Exercise
Please output the section of the listing below that opens with the line containing "(UNIV :: 'a" and closes with the line containing "using True e_def by simp", exactly and with nothing else.

Records for this exercise
lemma vector_eq_inverse_transform:
  fixes N D :: "'a::{ab_group_add,finite} set"
  assumes eta: "bij_betw \<eta> {..<m} (char_perp N)"
    and card: "card (UNIV :: 'a set) = m * card N"
    and h_reps: "\<forall>g. \<exists>!l. l < m \<and> g - h l \<in> N"
    and e_def: "\<forall>i j. e i j = (\<lambda>g. if g \<in> D then \<chi> i g * \<eta> j g / complex_of_real (sqrt (real k)) else 0)"
    and et_def: "\<forall>i j. et i j = (\<lambda>g. \<Sum>a<m. e i a g * cnj (\<eta> a (h j)) / complex_of_real (sqrt (real m)))"
    and a: "a < m"
  shows "e i a g = (\<Sum>j<m. \<eta> a (h j) / complex_of_real (sqrt (real m)) * et i j g)"
proof (cases "g \<in> D")
  case True
  obtain j0 where j0: "j0 < m" "g - h j0 \<in> N" using h_reps by blast
  have uniq: "l = j0" if "l < m" "g - h l \<in> N" for l using h_reps j0 that by blast
  have "\<eta> a (h j0 + (g - h j0)) = \<eta> a (h j0) * \<eta> a (g - h j0)"
    using bij_betw_char_perp_character(1)[OF eta a] unfolding is_character_def by blast
  then have \<eta>_g: "\<eta> a g = \<eta> a (h j0)"
    using bij_betw_char_perp_character(2)[OF eta a j0(2)] by simp
  have "sqrt (real m / real k) / sqrt (real m) = 1 / sqrt (real k)"
    using a by (simp add: real_sqrt_divide)
  then have scale: "complex_of_real (sqrt (real m / real k)) / complex_of_real (sqrt (real m))
                    = 1 / complex_of_real (sqrt (real k))"
    by (metis of_real_1 of_real_divide)
  have "e i a g = \<chi> i g * \<eta> a g * (1 / complex_of_real (sqrt (real k)))"
    using True e_def by simp
  also have "\<dots> = \<chi> i g * \<eta> a g * (complex_of_real (sqrt (real m / real k)) / complex_of_real (sqrt (real m)))"
    by (simp only: scale)
  also have "\<dots> = (\<Sum>j<m. if j = j0 then \<eta> a (h j0) / complex_of_real (sqrt (real m))
                               * (\<chi> i g * complex_of_real (sqrt (real m / real k))) else 0)"
    using j0 by (simp add: \<eta>_g)
  also have "\<dots> = (\<Sum>j<m. \<eta> a (h j) / complex_of_real (sqrt (real m)) * et i j g)"
    using True j0 by (intro sum.cong) (auto simp: transformed_vector_eq[OF eta card e_def et_def] dest: uniq)
  finally show ?thesis .
next
  case False
  then show ?thesis using e_def by (simp add: transformed_vector_eq[OF eta card e_def et_def])
qed

lemma cspan_fam_subset_lincomb:
  assumes "\<forall>j<m. \<forall>g. v j g = (\<Sum>a<m. M j a * w a g)"
  shows "cspan_fam m v \<subseteq> cspan_fam m w"
proof
  fix x assume "x \<in> cspan_fam m v"
  then obtain c where c: "x = (\<lambda>g. \<Sum>j<m. c j * v j g)" unfolding cspan_fam_def by auto
  have "x g = (\<Sum>a<m. (\<Sum>j<m. c j * M j a) * w a g)" for g
  proof -
    have "x g = (\<Sum>j<m. \<Sum>a<m. c j * M j a * w a g)"
      using c assms by (simp add: sum_distrib_left mult.assoc)
    also have "\<dots> = (\<Sum>a<m. (\<Sum>j<m. c j * M j a) * w a g)"
      by (subst sum.swap) (simp add: sum_distrib_right)
    finally show ?thesis .
  qed
  then have "x = (\<lambda>g. \<Sum>a<m. (\<Sum>j<m. c j * M j a) * w a g)" by (rule ext)
  then show "x \<in> cspan_fam m w" unfolding cspan_fam_def by (intro CollectI exI)
qed

lemma add_subgroup_diff:
  assumes "add_subgroup N" "x \<in> N" "y \<in> N" shows "x - y \<in> N"
  using assms unfolding add_subgroup_def by (metis diff_conv_add_uminus)

lemma sum_card_transversal_blocks:
  fixes D N :: "'a::ab_group_add set" and h :: "nat \<Rightarrow> 'a"
  assumes "finite D" "\<forall>g. \<exists>!l. l < m \<and> g - h l \<in> N"
  shows "(\<Sum>l<m. card {g\<in>D. g - h l \<in> N}) = card D"
proof -
  have disj: "{g\<in>D. g - h l \<in> N} \<inter> {g\<in>D. g - h l' \<in> N} = {}" if "l < m" "l' < m" "l \<noteq> l'" for l l'
    using assms(2) that by blast
  have "D = (\<Union>l<m. {g\<in>D. g - h l \<in> N})" using assms(2) by blast
  moreover have "card (\<Union>l<m. {g\<in>D. g - h l \<in> N}) = (\<Sum>l<m. card {g\<in>D. g - h l \<in> N})"
    using assms(1) by (intro card_UN_disjoint ballI impI) (simp_all add: disj)
  ultimately show ?thesis by simp
qed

Your response
    and card: "card (UNIV :: 'a set) = m * card N"
    and h_reps: "\<forall>g. \<exists>!l. l < m \<and> g - h l \<in> N"
    and e_def: "\<forall>i j. e i j = (\<lambda>g. if g \<in> D then \<chi> i g * \<eta> j g / complex_of_real (sqrt (real k)) else 0)"
    and et_def: "\<forall>i j. et i j = (\<lambda>g. \<Sum>a<m. e i a g * cnj (\<eta> a (h j)) / complex_of_real (sqrt (real m)))"
    and a: "a < m"
  shows "e i a g = (\<Sum>j<m. \<eta> a (h j) / complex_of_real (sqrt (real m)) * et i j g)"
proof (cases "g \<in> D")
  case True
  obtain j0 where j0: "j0 < m" "g - h j0 \<in> N" using h_reps by blast
  have uniq: "l = j0" if "l < m" "g - h l \<in> N" for l using h_reps j0 that by blast
  have "\<eta> a (h j0 + (g - h j0)) = \<eta> a (h j0) * \<eta> a (g - h j0)"
    using bij_betw_char_perp_character(1)[OF eta a] unfolding is_character_def by blast
  then have \<eta>_g: "\<eta> a g = \<eta> a (h j0)"
    using bij_betw_char_perp_character(2)[OF eta a j0(2)] by simp
  have "sqrt (real m / real k) / sqrt (real m) = 1 / sqrt (real k)"
    using a by (simp add: real_sqrt_divide)
  then have scale: "complex_of_real (sqrt (real m / real k)) / complex_of_real (sqrt (real m))
                    = 1 / complex_of_real (sqrt (real k))"
    by (metis of_real_1 of_real_divide)
  have "e i a g = \<chi> i g * \<eta> a g * (1 / complex_of_real (sqrt (real k)))"
    using True e_def by simp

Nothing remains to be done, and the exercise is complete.